Data Pipeline
At the core of FastSearch is a data pipeline composed of a scraping pipeline which
- downloads lecture recordings and metadata
- extracts and normalizes lecture metadata into a MySQL database
- generates timestamped lecture transcripts (via GPU accelerated batch inference)
Further, the indexing pipeline:
- creates JSON payloads for the display and ranking of search results
- generates dense embeddings for lecture segments
- incrementally updates the ANN index with embeddings and search payloads
- rebuilds the ANN index when the embedding (bi-encoder) model changes
Transcripts
When available, FastSearch leverages fast.ai student contributed multilingual transcripts. This not only reduces transcription costs, but helps bootstrap next-version efforts to support multilingual search, by using English user feedback to pseudo-label machine translated queries and transcripts. For lectures missing English transcripts, FastSearch falls back on OpenAI Whisper to generate high quality machine transcriptions.

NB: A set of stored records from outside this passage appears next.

lemma eden_cpo:
  "eager_adequate eB eA t \<Longrightarrow>
     po_on (eager_carrier eB eA t) (eager_order eB eA t) \<and>
     chain_complete (eager_carrier eB eA t) (eager_order eB eA t)"
proof (induction t)
  case TBool
  then show ?case by (simp add: po_on_discrete chain_complete_discrete)
next
  case (TFun t1 t2)
  then show ?case
    using fun_domain.po_on_dom[OF eden_fun_domain] fun_domain.chain_complete_dom[OF eden_fun_domain]
    by (metis eager_adequate.simps(2))
qed

lemma sden_cpo:
  "stack_adequate sB sA t \<Longrightarrow>
     po_on (stack_carrier sB sA t) (stack_order sB sA t) \<and>
     chain_complete (stack_carrier sB sA t) (stack_order sB sA t)"
proof (induction t)
  case TBool
  then show ?case by (simp add: po_on_discrete chain_complete_discrete)
next
  case (TFun t1 t2)
  then show ?case
    using fun_domain.po_on_dom[OF sden_fun_domain] fun_domain.chain_complete_dom[OF sden_fun_domain]
    by (metis stack_adequate.simps(2))
qed

subsection \<open>The simulation relation\<close>

lemma sim_eq_lift_rel:
  "sim Au eB eA sB sA t x y = lift_rel (\<lambda>a b. sim Au eB eA sB sA t (Val a) (Val b)) x y"
  by (cases t) (auto simp: lift_rel_def split: lift.splits)

lemma sim_TFun_Val:
  "sim Au eB eA sB sA (TFun t1 t2) (Val f) (Val g) \<longleftrightarrow>
     (\<forall>S. S \<noteq> [] \<longrightarrow> (\<forall>d\<in>eager_carrier eB eA t1. \<forall>d'\<in>stack_carrier sB sA t1.
        sim Au eB eA sB sA t1 (Val d) (Val d') \<longrightarrow>
        sim Au eB eA sB sA t2 (eA f (privs Au S) d) (sA g S d')))"
  by simp

lemma sim_TFun_chain_lub:
  fixes Au :: "'n \<Rightarrow> 'p set" and sA :: "'s \<Rightarrow> ('n \<times> 'p set) list \<Rightarrow> 's \<Rightarrow> 's lift"
  assumes adequate: "eager_adequate eB eA (TFun t1 t2)" "stack_adequate sB sA (TFun t1 t2)"
    and u: "is_chain (eager_carrier eB eA (TFun t1 t2)) (eager_order eB eA (TFun t1 t2)) u"
    and u': "is_chain (stack_carrier sB sA (TFun t1 t2)) (stack_order sB sA (TFun t1 t2)) u'"
    and sim_u: "\<forall>i. sim Au eB eA sB sA (TFun t1 t2) (Val (u i)) (Val (u' i))"
    and sim_lub_t2: "\<And>v w. is_chain (eager_carrier eB eA t2) (eager_order eB eA t2) v \<Longrightarrow>
        is_chain (stack_carrier sB sA t2) (stack_order sB sA t2) w \<Longrightarrow>
        \<forall>i. sim Au eB eA sB sA t2 (Val (v i)) (Val (w i)) \<Longrightarrow>
        sim Au eB eA sB sA t2 (Val (chain_lub (eager_carrier eB eA t2) (eager_order eB eA t2) v))
          (Val (chain_lub (stack_carrier sB sA t2) (stack_order sB sA t2) w))"
  shows "sim Au eB eA sB sA (TFun t1 t2)
    (Val (chain_lub (eager_carrier eB eA (TFun t1 t2)) (eager_order eB eA (TFun t1 t2)) u))
    (Val (chain_lub (stack_carrier sB sA (TFun t1 t2)) (stack_order sB sA (TFun t1 t2)) u'))"
proof -
  have cpo_t2: "po_on (eager_carrier eB eA t2) (eager_order eB eA t2)"
    "chain_complete (eager_carrier eB eA t2) (eager_order eB eA t2)"
    "po_on (stack_carrier sB sA t2) (stack_order sB sA t2)"
    "chain_complete (stack_carrier sB sA t2) (stack_order sB sA t2)"
    using eden_cpo[of eB eA t2] sden_cpo[of sB sA t2] adequate by simp_all
  interpret E: fun_domain "eager_carrier eB eA t1" "eager_order eB eA t1"
      "eager_carrier eB eA t2" "eager_order eB eA t2" UNIV eA
      "eager_carrier eB eA (TFun t1 t2)" "eager_order eB eA (TFun t1 t2)"
    by (rule eden_fun_domain[OF adequate(1) cpo_t2(1,2)])
  interpret S: fun_domain "stack_carrier sB sA t1" "stack_order sB sA t1"
      "stack_carrier sB sA t2" "stack_order sB sA t2" "{S. S \<noteq> []}" sA
      "stack_carrier sB sA (TFun t1 t2)" "stack_order sB sA (TFun t1 t2)"
    by (rule sden_fun_domain[OF adequate(2) cpo_t2(3,4)])
  show ?thesis
    unfolding sim_TFun_Val
  proof (intro allI impI ballI)
    fix S :: "('n \<times> 'p set) list" and d d'
    assume S: "S \<noteq> []" and d: "d \<in> eager_carrier eB eA t1" and d': "d' \<in> stack_carrier sB sA t1"
      and sim_d: "sim Au eB eA sB sA t1 (Val d) (Val d')"
    from S have S_in: "S \<in> {S. S \<noteq> []}" by simp
    have rel: "lift_rel (\<lambda>a b. sim Au eB eA sB sA t2 (Val a) (Val b))
            (eA (u n) (privs Au S) d) (sA (u' n) S d')" for n
      using sim_u S d d' sim_d by (simp only: sim_TFun_Val flip: sim_eq_lift_rel) blast
    have "lift_rel (\<lambda>a b. sim Au eB eA sB sA t2 (Val a) (Val b))
        (chain_lub (liftset (eager_carrier eB eA t2)) (lift_le (eager_order eB eA t2))
           (\<lambda>n. eA (u n) (privs Au S) d))
        (chain_lub (liftset (stack_carrier sB sA t2)) (lift_le (stack_order sB sA t2))
           (\<lambda>n. sA (u' n) S d'))"
      by (rule lift_rel_chain_lub[OF cpo_t2 E.chain_apply[OF u UNIV_I d] S.chain_apply[OF u' S_in d']
        rel sim_lub_t2])
    then show "sim Au eB eA sB sA t2 (eA (chain_lub (eager_carrier eB eA (TFun t1 t2))
          (eager_order eB eA (TFun t1 t2)) u) (privs Au S) d)
        (sA (chain_lub (stack_carrier sB sA (TFun t1 t2)) (stack_order sB sA (TFun t1 t2)) u') S d')"
      by (simp only: E.A_chain_lub[OF u UNIV_I d] S.A_chain_lub[OF u' S_in d'] flip: sim_eq_lift_rel)
  qed
qed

Lecture transcripts are partitioned by language and stored in a versioned AWS S3 bucket, where they are queried using DuckDB (with full text search extension) during model development. This allows for efficient querying of the transcript corpus by metadata or text, without needing a development instance of ElasticSearch or MongoDB.
Coming in FastSearch 2.0
Once enough user feedback is collected, multilingual transcripts will be used to bootstrap support for other languages by this process flow:
Metadata
Each lecture FastSearch scrapes from YouTube contains 69 metadata fields. Eighteen of the fields are extracted into third norm form and stored in a MySQL database. This ensures data quality for downstream analysis and model development order by enforcing a strict relational data model.

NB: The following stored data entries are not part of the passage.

(* Let $A=\bigsqcup_{n\in\omega}A_n$ where each $A_n$ is a set equipped with a total order $<_n$ order-isomorphic to $(\mathbb{Z},<)$, and for $a\in A_n$ let $s(a)$ be the immediate successor of $a$ in $(A_n,<_n)$. Let $J=A\times\{0,1\}$ and consider the free monoid on the alphabet $J^{\pm1}=\{(a,i),(a,i)^{-1}: a\in A, i\in\{0,1\}\}$ with empty word $e$. Let $\mathcal{R}$ be the rewriting system with, for every $a\in A$, the rules (i) $(a,0)(a,0)^{-1}\mapsto e$; (ii) $(a,0)^{-1}(a,0)\mapsto e$; (iii) $(a,1)(a,1)^{-1}\mapsto e$; (iv) $(a,1)^{-1}(a,1)\mapsto e$; (v) $(s(a),0)(a,1)\mapsto (s(a),1)^{-1}(s(a),0)$; (vi) $(s(a),0)(a,1)^{-1}\mapsto (s(a),1)(s(a),0)$; (vii) $(s(a),0)^{-1}(s(a),1)\mapsto (a,1)^{-1}(s(a),0)^{-1}$; (viii) $(s(a),0)^{-1}(s(a),1)^{-1}\mapsto (a,1)(s(a),0)^{-1}$. Then $\mathcal{R}$ is terminating and locally confluent (hence confluent), so every equivalence class of $\leftrightarrow_{\mathcal{R}}^*$ contains a unique terminus. Moreover every terminus is a freely reduced word, and the set $R$ of termini is a set of normal forms for the group $\mathcal{G}=F(J)/\langle\langle\{(s(a),0)(a,1)(s(a),0)^{-1}(s(a),1)\}_{a\in A}\rangle\rangle$: each element of $\mathcal{G}$ is represented by exactly one word in $R$.
   Context: Work in $\mathsf{ZFC}$. For a rewriting system $\mathcal{R}$ (a set of pairs of words) on a free monoid, $w_0\to_{\mathcal{R}}w_1$ means $w_0\equiv v_0v_1v_2$, $w_1\equiv v_0v_1'v_2$ with $(v_1,v_1')\in\mathcal{R}$; $\to^*_{\mathcal{R}}$ is its transitive closure and $\leftrightarrow^*_{\mathcal{R}}$ the generated equivalence relation. $\mathcal{R}$ is terminating if there is no infinite chain $w_0\to_{\mathcal{R}}w_1\to_{\mathcal{R}}\cdots$; locally confluent if whenever $w_0\to_{\mathcal{R}}w_1$ and $w_0\to_{\mathcal{R}}w_2$ there is $w_3$ with $w_1\to^*_{\mathcal{R}}w_3$ and $w_2\to^*_{\mathcal{R}}w_3$; confluent is the same with $\to^*_{\mathcal{R}}$ in the hypotheses. A terminus is a word $w$ such that no rule applies to it. $F(J)$ is the free group on $J$, and $\langle\langle X\rangle\rangle$ the normal closure. *)

theory Defs
  imports Main
begin

datatype 'j letter = Pos 'j | Neg 'j

definition alphabet :: "'j set \<Rightarrow> 'j letter set" where
  "alphabet J = Pos ` J \<union> Neg ` J"

definition words :: "'j set \<Rightarrow> 'j letter list set" where
  "words J = {w. set w \<subseteq> alphabet J}"

definition freely_reduced :: "'j letter list \<Rightarrow> bool" where
  "freely_reduced w \<longleftrightarrow>
     \<not> (\<exists>u v j. w = u @ [Pos j, Neg j] @ v \<or> w = u @ [Neg j, Pos j] @ v)"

There are three categories of stored metadata: YouTube (id, channel_id, upload date…), video (title, description, duration…) and content (chapters, categories, tags…). Content metadata is used during data labeling for topic-aware sampling for candidate search results. YouTube and video metadata are joined with references to fast.ai course materials to form the JSON search payloads stored in Qdrant vector DB.